Further information on Disease Agents has only been incorporated for agents recorded in species for which a full Wildpro "Health and Management" module has been completed (i.e. for which a comprehensive literature review has been undertaken). Only those agents with further information available are linked below:

Infectious Agent(s)
Non-infectious Agent(s) --
Physical Agent(s)
General Description

Clinical signs:

  • "Dirty, dry, scurfy and warty-looking skin"(B64.27.w4)
  • Pruritis. (B64.27.w4)
  • In an adult (42-year-old) male (with methicillin resistant Staphylococcus aureus (MRSA) and Candida albicans infection) skin lesions developed first along the dorsal trunk, then along the left side of the trunk, the lateral edge of both ears, along the neck (where the ears lie) and on the tip of the trunk. The first lesions, on the dorsal trunk, were small haemorrhagic ulcers, progressing to skin sloughing, with oozing of serum. Later lesions were small to large and coalescing ulcers, also oozing. (P6.6.w1)

Pathology:

  • Biopsy findings have included:
    • Eosinophilic dermatitis. (B450.17.w17)
    • Purulent epidermatitis. (B450.17.w17)
    • Nodular fasciolitis. (B450.17.w17)
  • In an adult (42-year-old) male (with methicillin resistant Staphylococcus aureus (MRSA) and Candida albicans infection) the only changed blood parameter at 18 days after the onset of clinical signs was a raised fibrinogen. (P6.6.w1, V.w84)
Further Information Diagnosis:
  • Swabs for culture and sensitivity testing to determine any pathogens are involved. (P6.6.w1)
    • In an adult (42-year-old) male Elephas maximus - Asian Elephant, methicillin resistant Staphylococcus aureus (MRSA) was confirmed by PCR for the Mec (methicillin resistance) and Nuc (Staphylococus aureus thermonuclease) genes, and by latex agglutination test for the for PBP2 (penicillin binding protein 2b, characteristic of MRSA). (P6.6.w1)

Treatment:

  • Daily bathing or hosing combined with a scrubbing, using a mildly abrasive material, such as pumice stone or stiff brush. (B64.27.w4)
  • In an adult (42-year-old) male (with methicillin resistant Staphylococcus aureus (MRSA) and Candida albicans infection) lesions were sprayed daily with chlorhexidine, diluted 1:5 in water.
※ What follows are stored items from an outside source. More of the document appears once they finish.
(* Under Conditions 1 and 2, there exist constants $n_0\ge1$ and $C>0$ such that for all $n>n_0$, $\sup_{t\ge0}R^{(n)}_\beta(t)\le C$.
   Context: Notation: $\mathbb Z_+=\{1,2,\dots\}$, $\mathbb R_+=[0,\infty)$. For each $n\ge1$: $\lambda^{(n)}>0$; a probability $\Lambda^{(n)}$ on $\mathbb R_+$ with tail $\bar\Lambda^{(n)}(t)=\Lambda^{(n)}((t,\infty))$, $\eta^{(n)}=\int_0^\infty y\Lambda^{(n)}(dy)$, $\sigma^{(n)}=\frac12\int_0^\infty y^2\Lambda^{(n)}(dy)$ finite; probability laws $(p_k^{(n)})_{k\ge1}$, $(q_k^{(n)})_{k\ge1}$ on $\mathbb Z_+$ with generating functions $g^{(n)},h^{(n)}$, $m^{(n)}=\sum_kkp_k^{(n)}<\infty$; $\gamma_n>0$ with $\gamma_n\to\infty$, $\gamma_n/n\to\gamma_*\in[0,\infty)$. $\phi^{(n)}(z)=n\gamma_n[g^{(n)}(1-z/n)-(1-z/n)]$, $\psi^{(n)}(z)=\gamma_n[1-h^{(n)}(1-z/n)]$ for $z\in[0,n]$. Condition 1: (i) $\lambda^{(n)}\to\lambda>0$, $\eta^{(n)}\to\eta>0$, $\sigma^{(n)}\to\sigma>0$, $\gamma_n(1-\lambda^{(n)}\eta^{(n)})\to b\in\mathbb R$; (ii) $\psi^{(n)}\to\psi$ uniformly on compacts of $[0,\infty)$; (iii) $\{\phi^{(n)}\}$ is uniformly Lipschitz on bounded intervals and converges uniformly on compacts to a continuous $\phi$. Under Condition 1, $\lambda\eta=1$ and $m:=\lim_n\gamma_n(1-m^{(n)})$ exists (so $\gamma_n(1-\lambda^{(n)}\eta^{(n)}m^{(n)})\to b+m$). Condition 2 (for some $\alpha\in(1,2)$): (1) there are $C,k_0>0$ with $n\gamma_n\sum_{k\ge k_0}(k/n)^\alpha p^{(n)}_k+\sum_kk^\alpha q^{(n)}_k\le C$ for all $n$, and $\lim_{k_1\to\infty}\limsup_n\gamma_n\sum_{k\ge k_1}kp^{(n)}_k=0$; (2) there are $C_0>0$ and a probability $\Lambda^*$ on $\mathbb R_+$ with $\int t^{2\alpha}\Lambda^*(dt)<\infty$ and $\bar\Lambda^{(n)}\le C_0\bar\Lambda^*$ for all $n$. Fix $\beta\in[0,\infty)$ with $\beta>-(b+m)/(\sigma\lambda)$. Let $R^{(n)}$ be the unique locally integrable solution of $R^{(n)}(t)=\lambda^{(n)}m^{(n)}\bar\Lambda^{(n)}(t)+\lambda^{(n)}m^{(n)}\int_0^tR^{(n)}(t-s)\bar\Lambda^{(n)}(s)ds$, $t\ge0$, and $R^{(n)}_\beta(t)=e^{-\beta t/\gamma_n}R^{(n)}(t)$. *)

theory Defs
  imports "HOL-Probability.Probability"
begin

definition prob_on_Rplus :: "real measure \<Rightarrow> bool" where
  "prob_on_Rplus M \<longleftrightarrow> prob_space M \<and> sets M = sets borel \<and> (AE y in M. 0 \<le> y)"

definition tail :: "real measure \<Rightarrow> real \<Rightarrow> real" where
  "tail M t = measure M {t<..}"

definition first_moment :: "real measure \<Rightarrow> real" where
  "first_moment M = (\<integral>y. y \<partial>M)"

definition half_second_moment :: "real measure \<Rightarrow> real" where
  "half_second_moment M = (1/2) * (\<integral>y. y^2 \<partial>M)"

definition prob_on_Zplus :: "(nat \<Rightarrow> real) \<Rightarrow> bool" where
  "prob_on_Zplus p \<longleftrightarrow> p 0 = 0 \<and> (\<forall>k. 0 \<le> p k) \<and> p sums 1"

definition genfun :: "(nat \<Rightarrow> real) \<Rightarrow> real \<Rightarrow> real" where
  "genfun p z = (\<Sum>k. p k * z ^ k)"

definition mean_nat :: "(nat \<Rightarrow> real) \<Rightarrow> real" where
  "mean_nat p = (\<Sum>k. real k * p k)"

text \<open>phi^(n)(z) = n gamma_n [g^(n)(1 - z/n) - (1 - z/n)],
      psi^(n)(z) = gamma_n [1 - h^(n)(1 - z/n)]  (meaningful for z in [0,n]).\<close>
definition phi_n :: "(nat \<Rightarrow> real) \<Rightarrow> (nat \<Rightarrow> nat \<Rightarrow> real) \<Rightarrow> nat \<Rightarrow> real \<Rightarrow> real" where
  "phi_n gam p n z = real n * gam n * (genfun (p n) (1 - z / real n) - (1 - z / real n))"

definition psi_n :: "(nat \<Rightarrow> real) \<Rightarrow> (nat \<Rightarrow> nat \<Rightarrow> real) \<Rightarrow> nat \<Rightarrow> real \<Rightarrow> real" where
  "psi_n gam q n z = gam n * (1 - genfun (q n) (1 - z / real n))"

definition renewal_solution :: "real \<Rightarrow> real measure \<Rightarrow> real \<Rightarrow> (real \<Rightarrow> real) \<Rightarrow> bool" where
  "renewal_solution lam M m R \<longleftrightarrow>
     (\<forall>T\<ge>0. set_integrable lborel {0..T} R) \<and>
     (\<forall>t\<ge>0. R t = lam * m * tail M t + lam * m * (LBINT s=0..t. R (t - s) * tail M s))"

end

theory Submission
  imports Defs
begin

text \<open>
  Tilting by \<open>\<theta> = \<beta>/\<gamma>\<^sub>n\<close> turns \<open>R\<^sup>(\<^sup>n\<^sup>)\<^sub>\<beta>\<close> into the solution of a renewal
  equation \<open>v = h + v * h\<close> whose kernel \<open>h(s) = \<lambda>m e\<^sup>-\<^sup>\<theta>\<^sup>s \<Lambda>bar(s)\<close> is nonincreasing and
  bounded by \<open>c = \<lambda>m\<close>. Integrating \<open>e\<^sup>-\<^sup>y \<le> 1 - y + y\<^sup>\<alpha>\<close> against \<open>\<Lambda>bar\<close> bounds the mass of
  \<open>h\<close> by \<open>c (\<eta> - \<theta>\<sigma> + \<theta>\<^sup>\<alpha> \<integral> s\<^sup>\<alpha> \<Lambda>bar)\<close>; by Condition 1, \<open>\<gamma>\<^sub>n\<close> times the mass defect tends to
  \<open>b + m + \<lambda>\<sigma>\<beta> > 0\<close>, and by Condition 2 the \<open>\<alpha>\<close>-moments stay bounded, so for large \<open>n\<close>
  the mass is at most 1.

  For such a kernel a Volterra comparison principle shows that \<open>V(x) = \<integral>\<^sub>0\<^sup>x v\<close> satisfies
  \<open>V(s + x) - V(s) \<le> 1 + V(x)\<close>, and \<open>V \<le> 1\<close> on intervals of length \<open>1/(2c)\<close>. Hence \<open>v\<close> has
  mass at most \<open>2 + 4c\<close> on every unit interval, and splitting \<open>v * h\<close> along unit intervals,
  where \<open>h\<close> is nonincreasing with total mass at most 1, gives \<open>v \<le> c + (c + 1)(2 + 4c)\<close>,
  uniformly in \<open>n\<close> since \<open>c \<longrightarrow> \<lambda>\<close>.
\<close>

lemma set_integral_Icc_reflect:
  fixes f :: "real \<Rightarrow> real"
  shows "(LBINT s:{0..t}. f (t - s)) = (LBINT s:{0..t}. f s)"
proof -
  have "(LBINT s:{0..t}. f s) = (LBINT x. indicator {0..t} x * f x)"
    by (simp add: set_lebesgue_integral_def)
  also have "\<dots> = \<bar>-1\<bar> *\<^sub>R (LBINT x. indicator {0..t} (t + -1 * x) * f (t + -1 * x))"
    by (rule lborel_integral_real_affine) simp
  also have "\<dots> = (LBINT x. indicator {0..t} x * f (t - x))"
    by (auto intro!: Bochner_Integration.integral_cong simp: indicator_def)
  finally show ?thesis by (simp add: set_lebesgue_integral_def)
qed

lemma set_integrable_Icc_reflect_iff:
  fixes f :: "real \<Rightarrow> real"
  shows "set_integrable lborel {0..t} (\<lambda>s. f (t - s)) \<longleftrightarrow> set_integrable lborel {0..t} f"
proof -
  have "set_integrable lborel {0..t} f \<longleftrightarrow> integrable lborel (\<lambda>x. indicator {0..t} x * f x)"
    by (simp add: set_integrable_def)
  also have "\<dots> \<longleftrightarrow> integrable lborel (\<lambda>x. indicator {0..t} (t + -1 * x) * f (t + -1 * x))"
    by (rule lborel_integrable_real_affine_iff[symmetric]) simp
  also have "\<dots> \<longleftrightarrow> integrable lborel (\<lambda>x. indicator {0..t} x * f (t - x))"
    by (intro Bochner_Integration.integrable_cong) (auto simp: indicator_def)
  finally show ?thesis by (simp add: set_integrable_def)
qed
lemma mult_ln_one_plus_div_mono:
  fixes a b y :: real
  assumes "0 < a" "a \<le> b" "0 \<le> y"
  shows "a * ln (1 + y/a) \<le> b * ln (1 + y/b)"
proof -
  define t where "t = a / b"
  have t: "0 \<le> t" "t \<le> 1"
    using assms by (auto simp: t_def)
  have "(1 - t) * ln 1 + t * ln (1 + y/a) \<le> ln ((1 - t) *\<^sub>R 1 + t *\<^sub>R (1 + y/a))"
    using assms by (intro concave_onD[OF ln_concave t]) (auto intro!: add_pos_nonneg)
  also have "(1 - t) *\<^sub>R 1 + t *\<^sub>R (1 + y/a) = 1 + y/b"
    using assms by (simp add: t_def field_simps)
  finally show ?thesis
    using assms by (simp add: t_def field_simps)
qed

lemma one_plus_div_powr_antimono:
  fixes a b y p :: real
  assumes "0 < a" "a \<le> b" "0 \<le> y" "0 \<le> p"
  shows "(1 + y/b) powr (-(p * b)) \<le> (1 + y/a) powr (-(p * a))"
proof -
  have "p * (a * ln (1 + y/a)) \<le> p * (b * ln (1 + y/b))"
    using assms by (intro mult_left_mono mult_ln_one_plus_div_mono) auto
  moreover have "0 < 1 + y/a" "0 < 1 + y/b"
    using assms by (auto intro!: add_pos_nonneg)
  ultimately show ?thesis
    by (simp add: powr_def)
qed

lemma abs_sin_div_powr_le_uniform:
  fixes a a0 s :: real
  assumes "0 < a0" "a0 \<le> a"
  shows "(\<bar>sin (s / sqrt a)\<bar> / \<bar>s / sqrt a\<bar>) powr a \<le> (1 + s^2 / (4 * a0)) powr (- (a0 / 2))"
proof -
  have "(s / sqrt a)^2 / 4 = (s^2 / 4) / a"
    using assms by (simp add: power_divide)
  then have "(\<bar>sin (s / sqrt a)\<bar> / \<bar>s / sqrt a\<bar>) powr a \<le> (1 + (s^2 / 4) / a) powr (- (1/2 * a))"
    using assms abs_sin_div_powr_le[of a "s / sqrt a"] by (auto simp: mult.commute)
  also have "\<dots> \<le> (1 + (s^2 / 4) / a0) powr (- (1/2 * a0))"
    using assms by (intro one_plus_div_powr_antimono) auto
  finally show ?thesis
    by (simp add: mult.commute)
qed

lemma abs_sin_div_powr_tendsto:
  fixes s :: real
  assumes "s \<noteq> 0" \<comment> \<open>at \<open>s = 0\<close> the quotient is \<open>0 / 0 = 0\<close>\<close>
  shows "((\<lambda>a. (\<bar>sin (s / sqrt a)\<bar> / \<bar>s / sqrt a\<bar>) powr a) \<longlongrightarrow> exp (-(s^2)/6)) at_top"
proof -
  have "((\<lambda>a. (\<bar>sin (r / sqrt a)\<bar> / \<bar>r / sqrt a\<bar>) powr a) \<longlongrightarrow> exp (-(r^2)/6)) at_top"
    if "r > 0" for r :: real
    using that by real_asymp (simp add: power2_eq_square)
  from this[of "\<bar>s\<bar>"] show ?thesis
    using assms by (cases "s \<ge> 0") auto
qed

lemma I_int_rescaled:
  fixes c \<alpha> :: real
  assumes "\<alpha> > 0"
  shows "\<alpha> powr ((c + 1) / 2) * I_int \<alpha> (\<alpha> - c) =
    (\<integral>s. (\<bar>sin (s / sqrt \<alpha>)\<bar> / \<bar>s / sqrt \<alpha>\<bar>) powr \<alpha> * \<bar>s\<bar> powr c \<partial>lborel)"
proof -
  define k where "k = 1 / sqrt \<alpha>"
  have k: "k > 0"
    using assms by (simp add: k_def)
  have scale: "\<alpha> powr ((c + 1) / 2) * (k * k powr c) = 1"
  proof -
    have "k * k powr c = 1 / \<alpha> powr ((c + 1) / 2)"
      using assms k by (simp add: k_def powr_add[symmetric] powr_divide powr_half_sqrt[symmetric] powr_powr add_divide_distrib add.commute)
    then show ?thesis
      using assms by simp
  qed
  have integrand: "\<alpha> powr ((c + 1) / 2) * (k * (\<bar>sin (k * s)\<bar> powr \<alpha> * \<bar>k * s\<bar> powr (- (\<alpha> - c)))) =
      (\<bar>sin (s / sqrt \<alpha>)\<bar> / \<bar>s / sqrt \<alpha>\<bar>) powr \<alpha> * \<bar>s\<bar> powr c" for s
  proof (cases "s = 0")
    case False
    then have "\<bar>k * s\<bar> powr (- (\<alpha> - c)) = k powr c * \<bar>s\<bar> powr c / \<bar>k * s\<bar> powr \<alpha>"
      using k by (simp add: powr_diff abs_mult powr_mult)
    then have regroup: "\<alpha> powr ((c + 1) / 2) * (k * (\<bar>sin (k * s)\<bar> powr \<alpha> * \<bar>k * s\<bar> powr (- (\<alpha> - c)))) =
        \<alpha> powr ((c + 1) / 2) * (k * k powr c) * ((\<bar>sin (k * s)\<bar> / \<bar>k * s\<bar>) powr \<alpha> * \<bar>s\<bar> powr c)"
      by (simp add: powr_divide)
    have "s / sqrt \<alpha> = k * s"
      by (simp add: k_def)
    then show ?thesis
      unfolding regroup scale by simp
  qed simp
  have "I_int \<alpha> (\<alpha> - c) = k * (\<integral>s. \<bar>sin (k * s)\<bar> powr \<alpha> * \<bar>k * s\<bar> powr (- (\<alpha> - c)) \<partial>lborel)"
    unfolding I_int_def
    using lborel_integral_real_affine[of k "\<lambda>t. \<bar>sin t\<bar> powr \<alpha> * \<bar>t\<bar> powr (- (\<alpha> - c))" 0] k by simp
  then show ?thesis
    unfolding integrand[symmetric] by (simp only: integral_mult_right_zero)
qed

lemma I_int_rescaled_tendsto:
  fixes c :: real
  assumes c: "c > -1"
  shows "((\<lambda>\<alpha>. \<alpha> powr ((c + 1) / 2) * I_int \<alpha> (\<alpha> - c))
           \<longlongrightarrow> 6 powr ((c + 1) / 2) * Gamma ((c + 1) / 2)) at_top"
proof -
  define G where "G a s = (\<bar>sin (s / sqrt a)\<bar> / \<bar>s / sqrt a\<bar>) powr a * \<bar>s\<bar> powr c" for a s :: real
  define w where "w s = (1 + s^2 / (4 * (c + 3))) powr (- ((c + 3) / 2)) * \<bar>s\<bar> powr c" for s :: real
  have "((\<lambda>a. integral\<^sup>L lborel (G a)) \<longlongrightarrow> (\<integral>s. exp (-(s^2)/6) * \<bar>s\<bar> powr c \<partial>lborel)) at_top"
  proof (rule integral_dominated_convergence_at_top[where w = w])
    show "integrable lborel w"
      unfolding w_def using c by (intro integrable_one_plus_square_powr_mult_abs_powr) auto
    show "AE s in lborel. ((\<lambda>a. G a s) \<longlongrightarrow> exp (-(s^2)/6) * \<bar>s\<bar> powr c) at_top"
    proof (rule AE_I2)
      fix s
      show "((\<lambda>a. G a s) \<longlongrightarrow> exp (-(s^2)/6) * \<bar>s\<bar> powr c) at_top"
      proof (cases "s = 0")
        case False
        then show ?thesis
          unfolding G_def by (intro tendsto_mult_right abs_sin_div_powr_tendsto)
      qed (simp add: G_def)
    qed
    have "AE s in lborel. norm (G a s) \<le> w s" if "a \<ge> c + 3" for a
    proof (rule AE_I2)
      fix s
      have "G a s \<le> w s"
        unfolding G_def w_def using that c by (intro mult_right_mono abs_sin_div_powr_le_uniform) auto
      then show "norm (G a s) \<le> w s"
        by (simp add: G_def)
    qed
    then show "\<forall>\<^sub>F a in at_top. AE s in lborel. norm (G a s) \<le> w s"
      using eventually_ge_at_top[of "c + 3"] by (rule eventually_mono[rotated])
    show "(\<lambda>s. exp (-(s^2)/6) * \<bar>s\<bar> powr c) \<in> borel_measurable lborel"
      by measurable
    show "G a \<in> borel_measurable lborel" for a
      unfolding G_def by measurable
  qed
  moreover have "\<forall>\<^sub>F a in at_top. integral\<^sup>L lborel (G a) = a powr ((c + 1) / 2) * I_int a (a - c)"
    using eventually_gt_at_top[of 0] by eventually_elim (unfold G_def, rule I_int_rescaled[symmetric])
  moreover have "(\<integral>s. exp (-(s^2)/6) * \<bar>s\<bar> powr c \<partial>lborel) = 6 powr ((c + 1) / 2) * Gamma ((c + 1) / 2)"
    using c by (intro has_bochner_integral_integral_eq has_bochner_integral_gaussian_abs_powr) auto
  ultimately show ?thesis
    by (simp only: tendsto_cong)
qed
lemma weighted_risk_le:
  assumes "N \<ge> 2"
  shows "(\<integral>z. sq_err N z * ratio (snd z) \<partial>(M \<Otimes>\<^sub>M P))
    \<le> log_const * rpow (ln N) m * (\<integral>z. sq_err N z \<partial>(M \<Otimes>\<^sub>M P))
       + 2 * real CARD('k) * ((xi N)\<^sup>2 + 1) / N * integral\<^sup>L P tail_moment"
proof -
  let ?B = "log_const * rpow (ln N) m" and ?C = "2 * real CARD('k) * ((xi N)\<^sup>2 + 1) / N"
  have bound_int: "integrable (M \<Otimes>\<^sub>M P) (\<lambda>z. ?B * sq_err N z + ?C * tail_moment (snd z))"
    using integrable_sq_err prob_space.integrable_pair_snd[OF M sigma_finite_P integrable_tail_moment]
      assms by simp
  have "integrable (M \<Otimes>\<^sub>M P) (\<lambda>z. sq_err N z * ratio (snd z))"
  proof (rule Bochner_Integration.integrable_bound[OF bound_int])
    have "sq_err N \<in> borel_measurable (M \<Otimes>\<^sub>M P)"
      using sq_err_measurable assms by (simp add: measurable_pair_density_eq)
    then show "(\<lambda>z. sq_err N z * ratio (snd z)) \<in> borel_measurable (M \<Otimes>\<^sub>M P)"
      using measurable_compose[OF measurable_snd ratio_measurable] by (rule borel_measurable_times)
    show "AE z in M \<Otimes>\<^sub>M P. norm (sq_err N z * ratio (snd z)) \<le> norm (?B * sq_err N z + ?C * tail_moment (snd z))"
      using weighted_sq_err_le_AE[OF assms] by eventually_elim (simp add: p_nonneg q_nonneg)
  qed
  then have "(\<integral>z. sq_err N z * ratio (snd z) \<partial>(M \<Otimes>\<^sub>M P))
      \<le> (\<integral>z. ?B * sq_err N z + ?C * tail_moment (snd z) \<partial>(M \<Otimes>\<^sub>M P))"
    using bound_int weighted_sq_err_le_AE[OF assms] by (intro integral_mono_AE)
  also have "\<dots> = ?B * (\<integral>z. sq_err N z \<partial>(M \<Otimes>\<^sub>M P)) + ?C * integral\<^sup>L P tail_moment"
    using integrable_sq_err prob_space.integrable_pair_snd[OF M sigma_finite_P integrable_tail_moment]
      prob_space.integral_pair_snd[OF M sigma_finite_P integrable_tail_moment] assms by simp
  finally show ?thesis .
qed

end

theorem proposition4p3:
  fixes p q :: "real^'d \<Rightarrow> real"
    and M :: "'w measure"
    and theta0 :: "real^'d \<Rightarrow> real^'k"
    and thetahat :: "nat \<Rightarrow> 'w \<Rightarrow> real^'d \<Rightarrow> real^'k"
    and xi :: "nat \<Rightarrow> real"
    and c m :: real
  assumes M: "prob_space M"
    and p_meas: "p \<in> borel_measurable lborel" and q_meas: "q \<in> borel_measurable lborel"
    and p_nonneg: "\<And>x. p x \<ge> 0" and q_nonneg: "\<And>x. q x \<ge> 0"
    and p_prob: "prob_space (density lborel (\<lambda>x. ennreal (p x)))"
    and q_prob: "prob_space (density lborel (\<lambda>x. ennreal (q x)))"
    and supp: "{x. q x > 0} \<subseteq> {x. p x > 0}"
    and theta0_meas: "theta0 \<in> borel_measurable borel"
    and thetahat_meas: "\<And>N. N \<ge> 1 \<Longrightarrow>
          (\<lambda>z. thetahat N (fst z) (snd z)) \<in> borel_measurable (M \<Otimes>\<^sub>M lborel)"
    and bdd: "\<And>N. N \<ge> 1 \<Longrightarrow>
          AE z in M \<Otimes>\<^sub>M density lborel (\<lambda>x. ennreal (p x)).
            linf (thetahat N (fst z) (snd z)) \<le> xi N"
    and mom8: "integrable (density lborel (\<lambda>x. ennreal (p x))) (\<lambda>x. linf (theta0 x) ^ 8)"
    and c_pos: "c > 0" and m_nonneg: "m \<ge> 0"
    and ratio_growth: "\<And>x. q x / p x \<le> c * (rpow (linf x) m + 1)"
    and ratio_L2: "integrable (density lborel (\<lambda>x. ennreal (p x))) (\<lambda>x. (q x / p x)\<^sup>2)"
    and expmom: "\<exists>\<sigma>>0. integrable (density lborel (\<lambda>x. ennreal (p x)))
                         (\<lambda>x. exp (\<sigma> * linf x))"
  shows "\<exists>c1 c2. \<forall>N::nat. N \<ge> 2 \<longrightarrow>
     (\<integral>z. (norm (thetahat N (fst z) (snd z) - theta0 (snd z)))\<^sup>2
        \<partial>(M \<Otimes>\<^sub>M density lborel (\<lambda>x. ennreal (q x))))
     = (\<integral>z. (norm (thetahat N (fst z) (snd z) - theta0 (snd z)))\<^sup>2 * (q (snd z) / p (snd z))
        \<partial>(M \<Otimes>\<^sub>M density lborel (\<lambda>x. ennreal (p x))))
   \<and> (\<integral>z. (norm (thetahat N (fst z) (snd z) - theta0 (snd z)))\<^sup>2 * (q (snd z) / p (snd z))
        \<partial>(M \<Otimes>\<^sub>M density lborel (\<lambda>x. ennreal (p x))))
     \<le> c1 * rpow (ln (real N)) m *
          (\<integral>z. (norm (thetahat N (fst z) (snd z) - theta0 (snd z)))\<^sup>2
             \<partial>(M \<Otimes>\<^sub>M density lborel (\<lambda>x. ennreal (p x))))
       + c2 * real CARD('k) * ((xi N)\<^sup>2 + 1) / real N"
proof -
  obtain \<sigma> where \<sigma>: "\<sigma> > 0"
    and exp_moment: "integrable (density lborel (\<lambda>x. ennreal (p x))) (\<lambda>x. exp (\<sigma> * linf x))"
    using expmom by blast
  interpret covariate_shift p q M theta0 thetahat xi c m \<sigma>
    by (rule covariate_shift.intro) (fact assms \<sigma> exp_moment)+
  show ?thesis
  proof (rule exI[of _ log_const], rule exI[of _ "2 * integral\<^sup>L P tail_moment"], intro allI impI conjI)
    fix N :: nat
    assume N: "N \<ge> 2"
    then show "(\<integral>z. sq_err N z \<partial>(M \<Otimes>\<^sub>M Q)) = (\<integral>z. sq_err N z * ratio (snd z) \<partial>(M \<Otimes>\<^sub>M P))"
      by (intro risk_change_of_measure) simp
    show "(\<integral>z. sq_err N z * ratio (snd z) \<partial>(M \<Otimes>\<^sub>M P))
      \<le> log_const * rpow (ln (real N)) m * (\<integral>z. sq_err N z \<partial>(M \<Otimes>\<^sub>M P))
        + 2 * integral\<^sup>L P tail_moment * real CARD('k) * ((xi N)\<^sup>2 + 1) / real N"
      using weighted_risk_le[OF N] by (simp add: field_simps)
  qed
qed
This was applied using a child's water-gun. Treatment was reduced gradually, after repeated skin swabs did not reveal MRSA, to every other day then to twice weekly for two months while the skin lesions healed. Healing was complete by three months after the first signs. (P6.6.w1)
    • Parenteral treatment was oral rifampin (7mg/kg twice daily for 10 days, fucidic acid I 6mg.kg twice daily for 10 days) and probiotics. These were administered in food treats (hot cross buns, sugar cane). (P6.6.w1, V.w84))
  • Application of a non toxic oil, e.g. mineral oil or neatsfoot oil, after the bathing and scrubbing. (B10.49.w21, B64.27.w4)
    • In some cases oil may worsen the condition by absorbing more dirt. (B10.49.w21, B64.27.w4)
  • Topical antibiotics may be given. (B450.17.w17)
  • Parenteral antibiotics have been given in some cases. (B450.17.w17) 
  • Steroids or anti-inflammatories are sometimes used. (B450.17.w17)
  • Debridement has been used occasionally. (B450.17.w17)

Prevention:

  • Daily bathing or hosing combined with a scrubbing, using a mildly abrasive material, such as pumice stone or stiff brush. (B10.49.w21, B64.27.w4)
  • In cases when there is access to abrasive logs or logs, the elephants will rub off the dead skin after being bathed or hosed. (B64.27.w4)
Associated Techniques
Host taxa groups /species Further information on Host species has only been incorporated for species groups for which a full Wildpro "Health and Management" module has been completed (i.e. for which a comprehensive literature review has been undertaken).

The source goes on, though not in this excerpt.